**Problem statement:** Here the job is to return only the lines of the material, exactly, from the first one to the line with "using assms(4) by".

**Excerpted data:**
lemma action_eq_antiderivative_diff:
  assumes "0 \<le> T"
    and q_deriv: "\<And>t. (q has_real_derivative q' t) (at t)"
    and F_deriv: "\<And>t. (F has_real_derivative p t * q' t) (at t)"
  shows "action p q T = (F T - F 0) / (2 * pi)"
proof -
  have "((\<lambda>t. p t * deriv q t) has_integral (F T - F 0)) {0..T}"
  proof (rule fundamental_theorem_of_calculus[OF \<open>0 \<le> T\<close>])
    fix t
    show "(F has_vector_derivative p t * deriv q t) (at t within {0..T})"
      using F_deriv[of t] DERIV_imp_deriv[OF q_deriv]
      by (simp add: has_real_derivative_iff_has_vector_derivative[symmetric] has_field_derivative_at_within)
  qed
  then show ?thesis unfolding action_def by (simp add: integral_unique)
qed

lemma sqrt_eq_frequency:
  fixes \<Omega> \<rho> \<xi> J :: real
  assumes "\<Omega> > 0" and "\<rho> \<ge> 0" and "J \<ge> 0" and "\<Omega>\<^sup>2 = \<xi> - 2 * \<rho> * (J * \<Omega>)"
  shows "sqrt (\<xi> + \<rho>\<^sup>2 * J\<^sup>2) - \<rho> * J = \<Omega>"
proof -
  have "(\<Omega> + \<rho> * J)\<^sup>2 = \<xi> + \<rho>\<^sup>2 * J\<^sup>2"
    using assms(4) by (simp add: power2_eq_square algebra_simps)
  then have "sqrt (\<xi> + \<rho>\<^sup>2 * J\<^sup>2) = \<Omega> + \<rho> * J"
    using assms(1-3) by (intro real_sqrt_unique) auto
  then show ?thesis by simp
qed

lemma reparametrized_oscillator:
  fixes x v \<theta> d :: "real \<Rightarrow> real" and \<omega> :: real
  assumes "\<omega> > 0"
    and x_deriv: "\<And>t. (x has_real_derivative v t / d t) (at t)"
    and v_deriv: "\<And>t. (v has_real_derivative - \<omega>\<^sup>2 * x t / d t) (at t)"
    and \<theta>_deriv: "\<And>t. (\<theta> has_real_derivative \<omega> / d t) (at t)"
    and "\<theta> t0 = 0"
  shows "x t = x t0 * cos (\<theta> t) + v t0 / \<omega> * sin (\<theta> t)"
    and "v t = v t0 * cos (\<theta> t) - \<omega> * x t0 * sin (\<theta> t)"
proof -
  define e1 where "e1 t = x t - x t0 * cos (\<theta> t) - v t0 / \<omega> * sin (\<theta> t)" for t
  define e2 where "e2 t = v t - v t0 * cos (\<theta> t) + \<omega> * x t0 * sin (\<theta> t)" for t
  have e1_deriv: "(e1 has_real_derivative e2 t / d t) (at t)" for t
  proof -
    have "(e1 has_real_derivative v t / d t + x t0 * sin (\<theta> t) * (\<omega> / d t)
        - v t0 / \<omega> * (cos (\<theta> t) * (\<omega> / d t))) (at t)"
      unfolding e1_def[abs_def] by (auto intro!: derivative_eq_intros x_deriv \<theta>_deriv simp: mult_ac)
    moreover have "v t / d t + x t0 * sin (\<theta> t) * (\<omega> / d t) - v t0 / \<omega> * (cos (\<theta> t) * (\<omega> / d t))
        = e2 t / d t"
      using \<open>\<omega> > 0\<close> by (simp add: e2_def field_split_simps)
    ultimately show ?thesis by simp
  qed
  have e2_deriv: "(e2 has_real_derivative - \<omega>\<^sup>2 * e1 t / d t) (at t)" for t
  proof -
    have "(e2 has_real_derivative - \<omega>\<^sup>2 * x t / d t + v t0 * sin (\<theta> t) * (\<omega> / d t)
        + \<omega> * x t0 * (cos (\<theta> t) * (\<omega> / d t))) (at t)"
      unfolding e2_def[abs_def] by (auto intro!: derivative_eq_intros v_deriv \<theta>_deriv simp: mult_ac)
    moreover have "- \<omega>\<^sup>2 * x t / d t + v t0 * sin (\<theta> t) * (\<omega> / d t)
        + \<omega> * x t0 * (cos (\<theta> t) * (\<omega> / d t)) = - \<omega>\<^sup>2 * e1 t / d t"
      using \<open>\<omega> > 0\<close> by (simp add: e1_def field_split_simps power2_eq_square)
    ultimately show ?thesis by simp
  qed
  \<comment> \<open>The oscillator energy of the deviation is conserved and vanishes at t0.\<close>
  define Q where "Q t = \<omega>\<^sup>2 * (e1 t)\<^sup>2 + (e2 t)\<^sup>2" for t
  have "(Q has_real_derivative 0) (at t)" for t
  proof -
    have "(Q has_real_derivative \<omega>\<^sup>2 * (2 * e1 t * (e2 t / d t)) + 2 * e2 t * (- \<omega>\<^sup>2 * e1 t / d t)) (at t)"
      unfolding Q_def[abs_def] by (auto intro!: derivative_eq_intros e1_deriv e2_deriv)
    then show ?thesis by (simp add: algebra_simps)
  qed
  then have "Q t = Q t0" by (meson DERIV_isconst_all)
  also have "Q t0 = 0" by (simp add: Q_def e1_def e2_def \<open>\<theta> t0 = 0\<close>)
  finally have "e1 t = 0 \<and> e2 t = 0"
    using \<open>\<omega> > 0\<close> by (simp add: Q_def add_nonneg_eq_0_iff)
  then show "x t = x t0 * cos (\<theta> t) + v t0 / \<omega> * sin (\<theta> t)"
    and "v t = v t0 * cos (\<theta> t) - \<omega> * x t0 * sin (\<theta> t)"
    by (simp_all add: e1_def e2_def)
qed

locale level_set_orbit =
  fixes \<rho> \<xi> E L :: real and r \<phi> pr p\<phi> :: "real \<Rightarrow> real"
  assumes \<rho>_pos: "\<rho> > 0" and L_pos: "L > 0" and below_threshold: "2 * \<rho> * E < \<xi>"
    and solution: "hamilton_solution \<rho> \<xi> r \<phi> pr p\<phi>"
    and energy: "\<And>t. H0 \<rho> \<xi> (r t) (\<phi> t) (pr t) (p\<phi> t) = E"
    and angular_momentum: "\<And>t. p\<phi> t = L"
begin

**Exercise response:**
lemma action_eq_antiderivative_diff:
  assumes "0 \<le> T"
    and q_deriv: "\<And>t. (q has_real_derivative q' t) (at t)"
    and F_deriv: "\<And>t. (F has_real_derivative p t * q' t) (at t)"
  shows "action p q T = (F T - F 0) / (2 * pi)"
proof -
  have "((\<lambda>t. p t * deriv q t) has_integral (F T - F 0)) {0..T}"
  proof (rule fundamental_theorem_of_calculus[OF \<open>0 \<le> T\<close>])
    fix t
    show "(F has_vector_derivative p t * deriv q t) (at t within {0..T})"
      using F_deriv[of t] DERIV_imp_deriv[OF q_deriv]
      by (simp add: has_real_derivative_iff_has_vector_derivative[symmetric] has_field_derivative_at_within)
  qed
  then show ?thesis unfolding action_def by (simp add: integral_unique)
qed

lemma sqrt_eq_frequency:
  fixes \<Omega> \<rho> \<xi> J :: real
  assumes "\<Omega> > 0" and "\<rho> \<ge> 0" and "J \<ge> 0" and "\<Omega>\<^sup>2 = \<xi> - 2 * \<rho> * (J * \<Omega>)"
  shows "sqrt (\<xi> + \<rho>\<^sup>2 * J\<^sup>2) - \<rho> * J = \<Omega>"
proof -
  have "(\<Omega> + \<rho> * J)\<^sup>2 = \<xi> + \<rho>\<^sup>2 * J\<^sup>2"
    using assms(4) by (simp add: power2_eq_square algebra_simps)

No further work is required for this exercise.